** Task details **
Set down word for word the lines that begin the entries and run through the line containing "by (auto simp: S_def)". Give nothing further.

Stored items
▼▼▼

lemma exists_origin_support_point:
  fixes A :: "(real^4) set"
  assumes A: "compact A" "A \<noteq> {}" and pos: "\<forall>a\<in>A. 0 < a$1"
  shows "\<exists>x\<in>A. \<exists>e. e \<noteq> 0 \<and> inner x e = 0 \<and> (\<forall>a\<in>A. 0 \<le> inner a e)"
proof -
  define f where "f a = a$2 / a$1" for a :: "real^4"
  have "continuous_on A f"
    unfolding f_def using pos by (intro continuous_intros) auto
  then obtain x where x: "x \<in> A" and xmin: "\<forall>a\<in>A. f x \<le> f a"
    using continuous_attains_inf[OF A] by blast
  define e :: "real^4" where "e = axis 2 1 - f x *\<^sub>R qone"
  have ie: "inner a e = a$2 - f x * a$1" for a
    by (simp add: e_def inner_diff_right inner_vec4 qone_def axis_def)
  have "e $ 2 = 1"
    by (simp add: e_def qone_def axis_def)
  moreover have "inner x e = 0"
    using pos x by (simp add: ie f_def less_imp_neq[symmetric])
  moreover have "0 \<le> inner a e" if "a \<in> A" for a
    using xmin pos that by (simp add: ie f_def le_divide_eq)
  ultimately show ?thesis
    using x by (metis zero_index zero_neq_one)
qed

text \<open>Tilting \<open>e\<close> towards \<open>v\<close> as far as the half-space \<open>0 \<le> inner a e\<close> keeps containing \<open>A\<close>:
  if all points of \<open>A\<close> stayed above a cone of positive slope around \<open>x\<close>, one could tilt further.\<close>

lemma exists_maximal_tilt:
  fixes A :: "'a::real_inner set"
  assumes a0: "a0 \<in> A" "inner a0 v < 0" and v: "v \<noteq> 0" "inner x v = 0"
    and e: "inner x e = 0" "\<forall>a\<in>A. 0 \<le> inner a e"
  shows "\<exists>t. (\<forall>a\<in>A. 0 \<le> inner a (e + t *\<^sub>R v)) \<and>
           (\<forall>\<sigma>>0. \<exists>a\<in>A. a \<noteq> x \<and> inner a (e + t *\<^sub>R v) < \<sigma> * norm (a - x))"
proof -
  define S where "S = {t. \<forall>a\<in>A. 0 \<le> inner a e + t * inner a v}"
  have "0 \<in> S"
    using e by (simp add: S_def)
  have bdd: "bdd_above S"
  proof (rule bdd_aboveI)
    fix t assume "t \<in> S"
    hence "0 \<le> inner a0 e + t * inner a0 v"
      using a0 by (simp add: S_def)
    thus "t \<le> inner a0 e / (- inner a0 v)"
      using a0 by (subst pos_le_divide_eq) (auto simp: algebra_simps)
  qed
  have "S = (\<Inter>a\<in>A. {t. 0 \<le> inner a e + t * inner a v})"
    by (auto simp: S_def)
  hence "closed S"
    by (simp add: closed_INT closed_Collect_le continuous_intros)
  hence tS: "Sup S \<in> S"
    using closed_contains_Sup[OF _ bdd] \<open>0 \<in> S\<close> by auto
  have "\<exists>a\<in>A. a \<noteq> x \<and> inner a e + Sup S * inner a v < \<sigma> * norm (a - x)" if \<sigma>: "0 < \<sigma>" for \<sigma>
  proof (rule ccontr)
    assume "\<not> ?thesis"
    hence above: "\<sigma> * norm (a - x) \<le> inner a e + Sup S * inner a v" if "a \<in> A" "a \<noteq> x" for a
      using that by (auto simp: not_less)
    define h where "h = \<sigma> / norm v"
    have h: "0 < h"
      using \<sigma> v by (simp add: h_def)
    have "0 \<le> inner a e + (Sup S + h) * inner a v" if a: "a \<in> A" for a
    proof (cases "a = x")
      case False
      have "- inner a v \<le> norm (a - x) * norm v"
        using norm_cauchy_schwarz[of "x - a" v] v by (simp add: inner_diff_left norm_minus_commute)
      hence "h * (- inner a v) \<le> h * (norm (a - x) * norm v)"
        using h by (intro mult_left_mono) auto
      also have "\<dots> = \<sigma> * norm (a - x)"
        using v by (simp add: h_def)
      finally show ?thesis
        using above[OF a False] by (simp add: algebra_simps)
    qed (use e v in simp)
    hence "Sup S + h \<in> S"
      by (simp add: S_def)
    hence "Sup S + h \<le> Sup S"
      using bdd by (rule cSup_upper)
    thus False
      using h by simp
  qed
  thus ?thesis
    using tS by (auto simp: S_def inner_add_right)
qed

lemma exists_tangent_support:
  fixes A :: "'a::euclidean_space set"
  assumes dim: "2 < DIM('a)" and A: "x \<in> A" "a2 \<in> A" "a2 \<noteq> x"
    and e: "e \<noteq> 0" "inner x e = 0" "\<forall>a\<in>A. 0 \<le> inner a e"
  shows "\<exists>e'. e' \<noteq> 0 \<and> inner x e' = 0 \<and> (\<forall>a\<in>A. 0 \<le> inner a e') \<and>
           (\<forall>\<sigma>>0. \<exists>a\<in>A. a \<noteq> x \<and> inner a e' < \<sigma> * norm (a - x))"
proof -
  have "dim {x, e} \<le> card {x, e}"
    by (rule dim_le_card') simp
  also have "\<dots> \<le> 2"
    by (simp add: card_insert_le_m1)
  finally have "dim {x, e} < DIM('a)"
    using dim by linarith
  then obtain w where w: "w \<noteq> 0" "\<And>y. y \<in> span {x, e} \<Longrightarrow> orthogonal w y"
    using orthogonal_to_subspace_exists by blast
  have wx: "inner x w = 0" and we: "inner e w = 0"
    using w(2)[of x] w(2)[of e] by (auto simp: span_base orthogonal_def inner_commute)
  show ?thesis
  proof (cases "\<forall>a\<in>A. inner a w = 0")
    case True
    thus ?thesis
      using A w wx by (intro exI[of _ w]) auto
  next
    case False
    then obtain a0 where a0: "a0 \<in> A" "inner a0 w \<noteq> 0"
      by blast
    define v where "v = (if inner a0 w < 0 then w else - w)"
    have v: "inner a0 v < 0" "v \<noteq> 0" "inner x v = 0" "inner e v = 0"
      using a0 w wx we by (auto simp: v_def)
    obtain t where t: "\<forall>a\<in>A. 0 \<le> inner a (e + t *\<^sub>R v)"
      "\<forall>\<sigma>>0. \<exists>a\<in>A. a \<noteq> x \<and> inner a (e + t *\<^sub>R v) < \<sigma> * norm (a - x)"
      using exists_maximal_tilt[OF a0(1) v(1,2,3) e(2,3)] by blast
    have "inner e (e + t *\<^sub>R v) \<noteq> 0"
      using e v by (simp add: inner_add_right)
    hence "e + t *\<^sub>R v \<noteq> 0"
      by auto
    thus ?thesis
      using t e v by (intro exI[of _ "e + t *\<^sub>R v"]) (simp add: inner_add_right)
  qed
qed

lemma exists_flat_chord:
  fixes A :: "'a::real_inner set"
  assumes A: "compact A" "x \<in> A" and e: "e \<noteq> 0" "inner x e = 0" "\<forall>a\<in>A. 0 \<le> inner a e"
    and tangent: "\<forall>\<sigma>>0. \<exists>a\<in>A. a \<noteq> x \<and> inner a e < \<sigma> * norm (a - x)"
  shows "\<exists>y\<in>A. y \<noteq> x \<and> (\<exists>e. norm e = 1 \<and> inner x e = 0 \<and> 0 \<le> inner y e / norm (x - y) \<and>
     inner y e / norm (x - y) \<le> 1/100 \<and>
     (\<forall>a\<in>A. - norm (x - y) / 100 \<le> inner a e - (inner y e / norm (x - y)) * norm (a - x)))"
proof -
  define u where "u = (1 / norm e) *\<^sub>R e"
  have u: "norm u = 1" "inner x u = 0" "\<forall>a\<in>A. 0 \<le> inner a u"
    using e by (simp_all add: u_def)
  have "0 < norm e / 100"
    using e by simp
  then obtain a1 where a1: "a1 \<in> A" "a1 \<noteq> x" "inner a1 e < norm e / 100 * norm (a1 - x)"
    using tangent by blast
  define r where "r = norm (a1 - x)"
  have r: "0 < r" "inner a1 u < r / 100"
    using a1 e by (simp_all add: r_def u_def field_simps)
  define Ar where "Ar = A \<inter> {a. r \<le> norm (a - x)}"
  have "compact Ar"
    unfolding Ar_def by (intro compact_Int_closed A closed_Collect_le continuous_intros)
  define slope where "slope a = inner a u / norm (a - x)" for a
  have "continuous_on Ar slope"
    unfolding slope_def using r by (auto simp: Ar_def intro!: continuous_intros)
  moreover have "a1 \<in> Ar"
    using a1 by (simp add: Ar_def r_def)
  ultimately obtain y where y: "y \<in> Ar" and ymin: "\<forall>a\<in>Ar. slope y \<le> slope a"
    using continuous_attains_inf[OF \<open>compact Ar\<close>] by blast
  define d where "d = norm (x - y)"
  have yA: "y \<in> A" and rd: "r \<le> d"
    using y by (auto simp: Ar_def d_def norm_minus_commute)
  have d: "0 < d" "y \<noteq> x"
    using rd r by (auto simp: d_def)
  define s where "s = slope y"
  have s_eq: "s = inner y u / d"
    by (simp add: s_def slope_def d_def norm_minus_commute)
  have s: "0 \<le> s" "s \<le> 1/100"
  proof -
    show "0 \<le> s"
      using u yA d by (simp add: s_eq)
    have "slope a1 < 1/100"
      using r by (simp add: slope_def r_def field_simps)
    thus "s \<le> 1/100"
      using ymin \<open>a1 \<in> Ar\<close> by (fastforce simp: s_def)
  qed
  have "- d / 100 \<le> inner a u - s * norm (a - x)" if a: "a \<in> A" for a
  proof (cases "r \<le> norm (a - x)")
    case True
    hence "s * norm (a - x) \<le> slope a * norm (a - x)"
      using a ymin by (intro mult_right_mono) (auto simp: Ar_def s_def)
    also have "\<dots> = inner a u"
      using True r u by (simp add: slope_def)
    finally show ?thesis
      using d by simp
  next
    case False
    have "s * norm (a - x) \<le> (1/100) * d"
      using s False rd by (intro mult_mono) auto
    thus ?thesis
      using u a by fastforce
  qed
  thus ?thesis
    using yA d u s unfolding s_eq d_def by (intro bexI[of _ y]) auto
qed

lemma exists_balanced_chord:
  fixes A :: "(real^4) set"
  assumes A: "compact A" "A \<subseteq> S3" "A \<subseteq> cball qone (1/8)" "infinite A"
  shows "\<exists>x y Q. balanced_chord A x y Q"
proof -
  have unit: "\<forall>a\<in>A. norm a = 1"
    using A(2) by (auto simp: S3_def)
  have close: "norm (a - b) \<le> 1/4" if "a \<in> A" "b \<in> A" for a b
  proof -
    have "dist a qone \<le> 1/8" "dist b qone \<le> 1/8"
      using that A(3) by (auto simp: dist_commute)
    thus ?thesis
      using dist_triangle2[of a b qone] by (simp add: dist_norm)
  qed
  have "0 < a$1" if "a \<in> A" for a
  proof -
    have "\<bar>(a - qone)$1\<bar> \<le> 1/8"
      using that A(3) component_le_norm_cart[of "a - qone" 1] by (auto simp: dist_norm norm_minus_commute)
    hence "- (a - qone)$1 \<le> 1/8"
      by (rule abs_le_D2)
    thus ?thesis
      by (simp add: qone_component)
  qed
  moreover have "A \<noteq> {}"
    using A(4) by auto
  ultimately obtain x e where x: "x \<in> A" and e: "e \<noteq> 0" "inner x e = 0" "\<forall>a\<in>A. 0 \<le> inner a e"
    using exists_origin_support_point[OF A(1)] by blast
  obtain a2 where a2: "a2 \<in> A" "a2 \<noteq> x"
    using infinite_imp_nonempty[OF infinite_remove[OF A(4), of x]] by blast
  obtain e' where "e' \<noteq> 0" "inner x e' = 0" "\<forall>a\<in>A. 0 \<le> inner a e'"
    "\<forall>\<sigma>>0. \<exists>a\<in>A. a \<noteq> x \<and> inner a e' < \<sigma> * norm (a - x)"
    using exists_tangent_support[OF _ x a2 e] by auto
  then obtain y e2 where y: "y \<in> A" "y \<noteq> x" and e2: "norm e2 = 1" "inner x e2 = 0"
    "0 \<le> inner y e2 / norm (x - y)" "inner y e2 / norm (x - y) \<le> 1/100"
    "\<forall>a\<in>A. - norm (x - y) / 100 \<le> inner a e2 - (inner y e2 / norm (x - y)) * norm (a - x)"
    using exists_flat_chord[OF A(1) x] by blast
  obtain n where "inner x n = 0" "inner y n = 0" "1/2 \<le> inner n n"
    "\<forall>a\<in>A. - norm (x - y) / 50 \<le> inner a n"
    using exists_chord_normal[of x y e2 A] unit x y e2 close[OF x y(1)] by auto
  thus ?thesis
    using balanced_chord_of_normal[of x A y n] x y unit close by auto
qed

lemma infinite_S3_near_qone: "infinite (S3 \<inter> ball qone r)" if "0 < r"
proof -
  have "qone $ 1 \<noteq> (- qone) $ 1"
    by (simp add: qone_component)
  moreover have "qone \<in> S3" "- qone \<in> S3"
    by (simp_all add: S3_def)
  ultimately have "S3 \<noteq> {z}" for z
    by (metis singletonD)
  hence "qone islimpt S3"
    by (intro connected_imp_perfect) (auto simp: S3_def connected_sphere)
  thus ?thesis
    using that by (simp add: islimpt_eq_infinite_ball)
qed

lemma closed_k_network_member_near_qone:
  assumes "closed_k_network (top_of_set S3) \<N>"
  shows "\<exists>A\<in>\<N>. compact A \<and> A \<subseteq> S3 \<and> A \<subseteq> cball qone (1/8) \<and> infinite A"
proof -
  let ?U = "S3 \<inter> ball qone (1/8)" and ?K = "S3 \<inter> cball qone (1/16)"
  have "openin (top_of_set S3) ?U"
    by (rule openin_open_Int) simp
  moreover have "compactin (top_of_set S3) ?K"
    by (simp add: compactin_subtopology S3_def compact_Int_closed)
  moreover have "?K \<subseteq> ?U"
    by auto
  ultimately obtain \<F> where \<F>: "finite \<F>" "\<F> \<subseteq> \<N>" "?K \<subseteq> \<Union>\<F>" "\<Union>\<F> \<subseteq> ?U"
    using assms unfolding closed_k_network_def by (elim conjE allE impE) auto
  have "S3 \<inter> ball qone (1/16) \<subseteq> \<Union>\<F>"
    using \<F>(3) by auto
  hence "infinite (\<Union>\<F>)"
    using infinite_S3_near_qone[of "1/16"] finite_subset by auto
  then obtain A where A: "A \<in> \<F>" "infinite A"
    using \<F>(1) finite_Union by auto
  have "closedin (top_of_set S3) A"
    using assms A(1) \<F>(2) by (auto simp: closed_k_network_def)
  hence "compact A" "A \<subseteq> S3"
    by (auto simp: S3_def dest: closedin_compact[OF compact_sphere] closedin_imp_subset)
  moreover have "A \<subseteq> cball qone (1/8)"
    using A(1) \<F>(4) by auto
  ultimately show ?thesis
    using A \<F>(2) by blast
qed

theorem corollary1p5:
  shows "\<not> (\<exists>\<N>. closed_k_network (top_of_set S3) \<N> \<and> binary \<N> \<and>
            (\<forall>A\<in>\<N>. \<forall>x\<in>S3. \<forall>y\<in>S3. (\<lambda>a. qmult (qmult x a) y) ` A \<in> \<N>))"
proof
  assume "\<exists>\<N>. closed_k_network (top_of_set S3) \<N> \<and> binary \<N> \<and>
            (\<forall>A\<in>\<N>. \<forall>x\<in>S3. \<forall>y\<in>S3. (\<lambda>a. qmult (qmult x a) y) ` A \<in> \<N>)"
  then obtain \<N> where kn: "closed_k_network (top_of_set S3) \<N>" and bin: "binary \<N>"
    and inv: "S3_invariant \<N>"
    unfolding S3_invariant_def by blast
  obtain A where A: "A \<in> \<N>" "compact A" "A \<subseteq> S3" "A \<subseteq> cball qone (1/8)" "infinite A"
    using closed_k_network_member_near_qone[OF kn] by blast
  then obtain x y Q where "balanced_chord A x y Q"
    using exists_balanced_chord by blast
  thus False
    using no_balanced_chord[OF bin inv A(1,3)] by blast
qed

▲▲▲

** Response box **
lemma exists_origin_support_point:
  fixes A :: "(real^4) set"
  assumes A: "compact A" "A \<noteq> {}" and pos: "\<forall>a\<in>A. 0 < a$1"
  shows "\<exists>x\<in>A. \<exists>e. e \<noteq> 0 \<and> inner x e = 0 \<and> (\<forall>a\<in>A. 0 \<le> inner a e)"
proof -
  define f where "f a = a$2 / a$1" for a :: "real^4"
  have "continuous_on A f"
    unfolding f_def using pos by (intro continuous_intros) auto
  then obtain x where x: "x \<in> A" and xmin: "\<forall>a\<in>A. f x \<le> f a"
    using continuous_attains_inf[OF A] by blast
  define e :: "real^4" where "e = axis 2 1 - f x *\<^sub>R qone"
  have ie: "inner a e = a$2 - f x * a$1" for a
    by (simp add: e_def inner_diff_right inner_vec4 qone_def axis_def)
  have "e $ 2 = 1"
    by (simp add: e_def qone_def axis_def)
  moreover have "inner x e = 0"
    using pos x by (simp add: ie f_def less_imp_neq[symmetric])
  moreover have "0 \<le> inner a e" if "a \<in> A" for a
    using xmin pos that by (simp add: ie f_def le_divide_eq)
  ultimately show ?thesis
    using x by (metis zero_index zero_neq_one)
qed

text \<open>Tilting \<open>e\<close> towards \<open>v\<close> as far as the half-space \<open>0 \<le> inner a e\<close> keeps containing \<open>A\<close>:
  if all points of \<open>A\<close> stayed above a cone of positive slope around \<open>x\<close>, one could tilt further.\<close>

lemma exists_maximal_tilt:
  fixes A :: "'a::real_inner set"
  assumes a0: "a0 \<in> A" "inner a0 v < 0" and v: "v \<noteq> 0" "inner x v = 0"
    and e: "inner x e = 0" "\<forall>a\<in>A. 0 \<le> inner a e"
  shows "\<exists>t. (\<forall>a\<in>A. 0 \<le> inner a (e + t *\<^sub>R v)) \<and>
           (\<forall>\<sigma>>0. \<exists>a\<in>A. a \<noteq> x \<and> inner a (e + t *\<^sub>R v) < \<sigma> * norm (a - x))"
proof -
  define S where "S = {t. \<forall>a\<in>A. 0 \<le> inner a e + t * inner a v}"
  have "0 \<in> S"
    using e by (simp add: S_def)
  have bdd: "bdd_above S"
  proof (rule bdd_aboveI)
    fix t assume "t \<in> S"
    hence "0 \<le> inner a0 e + t * inner a0 v"
      using a0 by (simp add: S_def)
    thus "t \<le> inner a0 e / (- inner a0 v)"
      using a0 by (subst pos_le_divide_eq) (auto simp: algebra_simps)
  qed
  have "S = (\<Inter>a\<in>A. {t. 0 \<le> inner a e + t * inner a v})"
    by (auto simp: S_def)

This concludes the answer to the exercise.